The Director, Prevention Programmes & Knowledge Management,NCDC, Dr. Chinewe Ochu, while analysing the report, said that 43.3% of Nigerians in states were on complete lockdown while 56.7% were in states with partial lockdown.

Dr Ochu explained that a slightly higher proportion of female than males were compliant with the stay at home order.

Most respondents stayed home during the lockdown irrespective of age.

She also said that in the survey, 81% of respondents reported visiting several places such as Markets, friends and family, religious places, hospitals and parties despite the lockdown.

Dr Ochu also said that there were changes in public risk perception and risky behaviors through the first and second waves of the COVID-19 pandemic in the country and the relationship between risky behaviors and trend of the outbreak.

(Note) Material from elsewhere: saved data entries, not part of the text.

lemma gl_derivation_eq_0_if_column_vanishes: "N x = 0"
proof (rule gl_linear_eq_0I_matrix_unit[OF linear])
  fix a b
  show "N (matrix_unit a b) = 0"
  proof (cases "a = r")
    case True
    then show ?thesis using vanishes_row_unit by simp
  next
    case False
    then show ?thesis
      using unit_bracket_image[OF False, of b] leibniz[of "matrix_unit r b" "matrix_unit a r"]
        vanishes_column_unit vanishes_row_unit by simp
  qed
qed

end

lemma gl_derivation_inner_plus_trace:
  fixes D :: "complex^'n^'n \<Rightarrow> complex^'n^'n"
  assumes "gl_derivation D"
  shows "\<exists>A c. \<forall>x. D x = lie_bracket A x + cscale (c * trace x) (mat 1)"
proof -
  obtain r :: 'n where True by simp
  \<comment> \<open>A is chosen so that [A, E_ar] agrees with D E_ar in column r, up to the diagonal
    entry c that the trace term absorbs.\<close>
  define c where "c = D (matrix_unit r r) $ r $ r"
  define A :: "complex^'n^'n" where
    "A = (\<chi> p a. D (matrix_unit a r) $ p $ r - (if a = r \<and> p = r then c else 0))"
  define N where "N x = D x - lie_bracket A x - cscale (c * trace x) (mat 1)" for x
  have linear: "gl_linear D" and leibniz: "\<And>x y. D (lie_bracket x y) = lie_bracket x (D y) + lie_bracket (D x) y"
    using assms by (simp_all add: gl_derivation_def)
  have "gl_linear N"
    unfolding gl_linear_def N_def
    by (simp add: gl_linear_add[OF linear] gl_linear_cscale[OF linear] lie_bracket_add_right
        lie_bracket_cscale_right trace_add trace_cscale cscale_add_left cscale_add_right
        cscale_diff_right cscale_cscale algebra_simps)
  moreover have "N (lie_bracket x y) = lie_bracket x (N y) + lie_bracket (N x) y" for x y
    unfolding N_def
    by (simp add: leibniz lie_bracket_jacobi_right[of A x y] lie_bracket_diff_left
        lie_bracket_diff_right lie_bracket_add_left lie_bracket_add_right lie_bracket_cscale_left
        lie_bracket_cscale_right algebra_simps)
  ultimately have "gl_derivation N"
    by (simp add: gl_derivation_def)
  moreover have "N (matrix_unit a r) $ p $ r = 0" for a p
    by (simp add: N_def lie_bracket_nth A_def trace_matrix_unit c_def mat_def)
  ultimately have "N x = 0" for x
    by (rule gl_derivation_eq_0_if_column_vanishes)
  then have "D x = lie_bracket A x + cscale (c * trace x) (mat 1)" for x
    unfolding N_def by (simp add: algebra_simps)
  then show ?thesis
    by blast
qed

context
  fixes P :: "'n::finite \<Rightarrow> 'n \<Rightarrow> complex^'n^'n" and r s :: 'n
  assumes antisym: "\<And>a b k l. lie_bracket (P a b) (matrix_unit k l) = - lie_bracket (P k l) (matrix_unit a b)"
    and distinct: "r \<noteq> s"
begin

private lemma antisym_nth:
  "(if q = l then P a b $ p $ k else 0) - (if p = k then P a b $ l $ q else 0)
    = - ((if q = b then P k l $ p $ a else 0) - (if p = a then P k l $ b $ q else 0))"
  using arg_cong[OF antisym[of a b k l], of "\<lambda>M. M $ p $ q"] by (simp add: lie_bracket_nth)

private lemma exists_other: "\<exists>l. l \<noteq> (b::'n)"
  using distinct by (cases "b = r") auto

private lemma entry_outside_row: "P a b $ p $ k = 0" if "p \<noteq> k" "p \<noteq> a"
proof -
  obtain l where "l \<noteq> b" using exists_other by blast
  then show ?thesis using antisym_nth[where a=a and b=b and k=k and l=l and p=p and q=l] that by simp
qed

private lemma entry_in_row: "P a b $ a $ k = 0" if "k \<noteq> a" "k \<noteq> b"
proof -
  obtain l where l: "l \<noteq> b" using exists_other by blast
  then have "P k l $ b $ l = 0" using entry_outside_row[where a=k and b=l and p=b and k=l] that by simp
  then show ?thesis using antisym_nth[where a=a and b=b and k=k and l=l and p=a and q=l] that l by simp
qed

private lemma unit_entry_constant: "P a b $ a $ b = P r s $ r $ s" if "a \<noteq> b"
proof -
  have shift: "P a b $ a $ b = P b l $ b $ l" if "a \<noteq> b" "l \<noteq> b" for a b l
    using antisym_nth[where a=a and b=b and k=b and l=l and p=a and q=l] that by simp
  have to_s: "P x s $ x $ s = P r s $ r $ s" if "x \<noteq> s" for x
    using shift[of x s r] shift[of r s r] that distinct by simp
  show ?thesis
    using to_s[of a] shift[of a b s] to_s[of b] that by (cases "b = s") auto
qed

private lemma off_diagonal_entry:
  "P a b $ p $ q = (if p = a \<and> q = b then P r s $ r $ s else 0)" if "p \<noteq> q"
  using entry_outside_row[where a=a and b=b and p=p and k=q] entry_in_row[where a=a and b=b and k=q]
    unit_entry_constant[of a b] that
  by (cases "p = a"; cases "q = b") auto

private lemma diagonal_entry_diff:
  "P a b $ k $ k - P a b $ l $ l
    = P r s $ r $ s * ((if a = k \<and> b = k then 1 else 0) - (if a = l \<and> b = l then 1 else 0))"
  if "k \<noteq> l"
proof -
  have "P a b $ k $ k - P a b $ l $ l
      = - ((if l = b then P k l $ k $ a else 0) - (if k = a then P k l $ b $ l else 0))"
    using antisym_nth[where a=a and b=b and k=k and l=l and p=k and q=l] that by simp
  moreover have "P k l $ k $ l = P r s $ r $ s"
    using unit_entry_constant that by simp
  ultimately show ?thesis
    using off_diagonal_entry[where a=k and b=l and p=k and q=a]
      off_diagonal_entry[where a=k and b=l and p=b and q=l] that
    by (cases "k = a"; cases "l = b") (auto simp: algebra_simps)
qed

lemma antisym_on_matrix_units_imp_scalar_plus_central:
  "\<exists>tau. P a b = cscale (P r s $ r $ s) (matrix_unit a b) + cscale tau (mat 1)"
proof -
  define lam where "lam = P r s $ r $ s"
  define tau where "tau = P a b $ r $ r - lam * (if a = r \<and> b = r then 1 else 0)"
  have "P a b $ p $ q = lam * (if p = a \<and> q = b then 1 else 0) + tau * (if p = q then 1 else 0)"
    for p q
  proof (cases "p = q")
    case False
    then show ?thesis using off_diagonal_entry by (simp add: lam_def)
  next
    case True
    then show ?thesis
      using diagonal_entry_diff[of p r a b] unfolding lam_def tau_def
      by (cases "p = r") (auto simp: algebra_simps)
  qed
  then have "P a b = cscale lam (matrix_unit a b) + cscale tau (mat 1)"
    by (simp add: vec_eq_iff mat_def)
  then show ?thesis
    unfolding lam_def by blast
qed

end

lemma commuting_map_bracket_scalar:
  fixes B :: "complex^'n^'n \<Rightarrow> complex^'n^'n"
  assumes linear: "\<And>y. gl_linear (\<lambda>x. lie_bracket (B x) y)"
    and commuting: "\<And>x. lie_bracket (B x) x = 0"
  shows "\<exists>lam. \<forall>x y. lie_bracket (B x) y = cscale lam (lie_bracket x y)"
proof (cases "\<exists>r s::'n. r \<noteq> s")
  case False
  then have "lie_bracket u v = 0" for u v :: "complex^'n^'n"
    by (intro lie_bracket_eq_0_if_subsingleton) blast
  then show ?thesis
    by simp
next
  case True
  then obtain r s :: 'n where "r \<noteq> s"
    by blast
  have antisym: "lie_bracket (B x) y = - lie_bracket (B y) x" for x y
  proof -
    have "0 = lie_bracket (B (x + y)) (x + y)"
      using commuting by simp
    also have "\<dots> = lie_bracket (B x) x + lie_bracket (B x) y + (lie_bracket (B y) x + lie_bracket (B y) y)"
      using gl_linear_add[OF linear[of "x + y"], of x y] by (simp add: lie_bracket_add_right)
    finally show ?thesis
      using commuting[of x] commuting[of y] by (simp add: eq_neg_iff_add_eq_0)
  qed
  define lam where "lam = B (matrix_unit r s) $ r $ s"
  have "lie_bracket (B (matrix_unit a b)) y = cscale lam (lie_bracket (matrix_unit a b) y)" for a b y
  proof -
    obtain tau where "B (matrix_unit a b) = cscale lam (matrix_unit a b) + cscale tau (mat 1)"
      using antisym_on_matrix_units_imp_scalar_plus_central[of "\<lambda>a b. B (matrix_unit a b)" r s a b]
        antisym \<open>r \<noteq> s\<close> unfolding lam_def by blast
    then show ?thesis
      by (simp add: lie_bracket_add_left lie_bracket_cscale_left)
  qed
  moreover have "gl_linear (\<lambda>x. cscale lam (lie_bracket x y))" for y
    by (simp add: gl_linear_def lie_bracket_add_left lie_bracket_cscale_left cscale_add_right
        cscale_cscale mult.commute)
  ultimately have "lie_bracket (B x) y = cscale lam (lie_bracket x y)" for x y
    using gl_linear_eqI_matrix_unit[OF linear[of y], of "\<lambda>x. cscale lam (lie_bracket x y)" x] by blast
  then show ?thesis
    by blast
qed
text \<open>Sequences are indexed from 1; the value at index 0 is irrelevant.\<close>

definition isA :: "(nat \<Rightarrow> int) \<Rightarrow> bool" where
  "isA a \<longleftrightarrow> a 1 = 1 \<and>
     (\<forall>n\<ge>2.
        (int n \<in> a ` {1..} \<longrightarrow> a n = a (n-1) + 2) \<and>
        (int n \<notin> a ` {1..} \<and> int (n-1) \<notin> a ` {1..} \<longrightarrow> a n = a (n-1) + 2) \<and>
        (int n \<notin> a ` {1..} \<and> int (n-1) \<in> a ` {1..} \<longrightarrow> a n = a (n-1) + 3))"

definition isB :: "(nat \<Rightarrow> int) \<Rightarrow> bool" where
  "isB b \<longleftrightarrow> b 1 = 1 \<and>
     (\<forall>n\<ge>2.
        (int (n-1) \<notin> b ` {1..} \<longrightarrow> b n = b (n-1) + 2) \<and>
        (int (n-1) \<in> b ` {1..} \<longrightarrow> b n = b (n-1) + 3))"

fun phi_letter :: "nat \<Rightarrow> nat list" where
  "phi_letter l = (if l = 0 then [0,1,1] else [0,1])"

definition phi :: "nat list \<Rightarrow> nat list" where
  "phi w = concat (map phi_letter w)"

text \<open>The fixed point lim phi^k(0) as an infinite word, positions numbered from 1:
  the letter at position i is the eventual value of the (i-1)-th entry of phi^k(0).\<close>
definition fixpt :: "nat \<Rightarrow> nat" where
  "fixpt i = (THE x. \<forall>\<^sub>F k in sequentially.
       i - 1 < length ((phi ^^ k) [0]) \<and> (phi ^^ k) [0] ! (i - 1) = x)"

definition c_seq :: "nat \<Rightarrow> nat" where
  "c_seq n = (THE p. p \<ge> 1 \<and> fixpt p = 0 \<and> card {q \<in> {1..p}. fixpt q = 0} = n)"

definition d_seq :: "nat \<Rightarrow> int" where
  "d_seq n = \<lfloor>(1 + sqrt 2) * real n - sqrt 2 / 2\<rfloor>"

fun r_seq :: "nat \<Rightarrow> real" where
  "r_seq 0 = 0"
| "r_seq (Suc 0) = 4 / pi"
| "r_seq (Suc (Suc n)) = (real (Suc n))^2 / (r_seq (Suc n) - (2 * real (Suc n) - 1))"

definition e_seq :: "nat \<Rightarrow> int" where
  "e_seq n = \<lfloor>r_seq n + 1/2\<rfloor>"

end

theory Submission
  imports Defs "HOL-Analysis.Analysis" "HOL-Real_Asymp.Real_Asymp"
begin

text \<open>
  Write \<open>d\<^sub>n = n + \<lfloor>\<theta>\<^sub>n\<rfloor>\<close> with \<open>\<theta>\<^sub>n = (2n - 1)/\<surd>2\<close>. Since \<open>\<theta>\<^sub>n\<^sub>+\<^sub>1 = \<theta>\<^sub>n + \<surd>2\<close>, every
  increment of \<open>d\<close> is 2 or 3, and a short computation with fractional parts shows that
  the increment after \<open>d\<^sub>n\<close> is 3 exactly when \<open>n\<close> is itself a value of \<open>d\<close>; in particular no
  two consecutive integers are values. Hence \<open>d\<close> satisfies both self-describing recurrences
  defining \<open>a\<close> and \<open>b\<close>, and these have at most one solution because the membership tests
  at step \<open>n\<close> only involve earlier terms. The same increment law says that the blocks
  \<open>[d\<^sub>k, d\<^sub>k\<^sub>+\<^sub>1)\<close> of the characteristic word of the values of \<open>d\<close> read \<open>011\<close> or \<open>01\<close> according
  to whether \<open>k\<close> is a value, i.e. that this word is the fixed point of \<open>\<phi>\<close>.

  For \<open>e\<close>, put \<open>J\<^sub>n = \<integral>\<^sub>0\<^sup>1 q(t)\<^sup>n/(1 + t\<^sup>2) dt\<close> with \<open>q(t) = t(1 - t)/(1 + t\<^sup>2)\<close>. An explicit
  primitive gives \<open>n J\<^sub>n\<^sub>-\<^sub>1 = 2(2n + 1) J\<^sub>n + 4(n + 1) J\<^sub>n\<^sub>+\<^sub>1\<close> and \<open>J\<^sub>0 = \<pi>/4\<close>, whence
  \<open>r\<^sub>n = 2n - 1 + 2n J\<^sub>n/J\<^sub>n\<^sub>-\<^sub>1\<close>; as \<open>0 \<le> q \<le> 1/4\<close> this gives \<open>2n - 1 < r\<^sub>n \<le> 2n - 1 + n/2\<close>. The map
  \<open>x \<mapsto> 2n - 1 + n\<^sup>2/x\<close> sends the window \<open>[\<alpha>(n + 1/2), \<alpha>(n + 1/2) + 1/(4\<alpha>(n + 1))]\<close>,
  \<open>\<alpha> = 1 + \<surd>2\<close>, into the corresponding window at \<open>n\<close> and contracts distances by 4, so the
  linear bounds force \<open>r\<^sub>n\<close> into the window. Rounding then gives \<open>d\<^sub>n\<close>, because an integer
  \<open>M\<close> that close above \<open>\<alpha>n - \<surd>2/2\<close> would make the norm of \<open>2(M - n) - \<surd>2(2n - 1)\<close> in
  \<open>\<int>[\<surd>2]\<close> a nonzero integer of absolute value below 2, yet it is even.
\<close>

section \<open>The Beatty sequence\<close>

lemma sqrt2_bounds: "1.41 < sqrt (2::real)" "sqrt (2::real) < 1.42"
proof -
  show "1.41 < sqrt (2::real)"
    by (rule real_less_rsqrt) (simp add: power2_eq_square)
  have "sqrt (2::real) < sqrt (1.42\<^sup>2)"
    by (subst real_sqrt_less_iff) (simp add: power2_eq_square)
  then show "sqrt (2::real) < 1.42" by simp
qed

However, she noted that overall risk perception remained low during both waves with two out of every five Nigerian , considering themselves not to be at risk of contracting COVID-19 in both waves.

She explained how the government’s non-pharmaceutical initiative (NPI) affected public trust in government and their compliance with safty protocols.

She said, “Public trust is important for the success of a wide range of public polices that depend on behavioral responses from the public. Their analyses of public trust across two national surveys conducted in 2020/2021 in the country revealed that; overall, level of trust was over 50% across the local Government Health Department with 85%, State Ministry of Health had 84% trust, while Federal Ministry of Health had 82%.

Speaking on the data, Dr Babashola Okunsanya of the College of Medicine, University of Lagos, said that between June 2020 and now, the data looked at how people coped during the lockdown, how they responded and the compliance level.

He said that the research showed that people had trust on the government and would be ready for another lockdown, provided palliatives were given.

He noted that for lockdown exceeding seven days, palliatives are highly recommended to mitigate the impact on Nigerians.

Strategies geared towards slowing transmissions rates in marketplaces should be prioritized for effective infection prevention and control in the country.

Adding that There is need to leverage health and religious institutions as trusted voices to drive risk communication.

He noted that after the dissemination, the committee will write its report and release it to the place for reference purposes.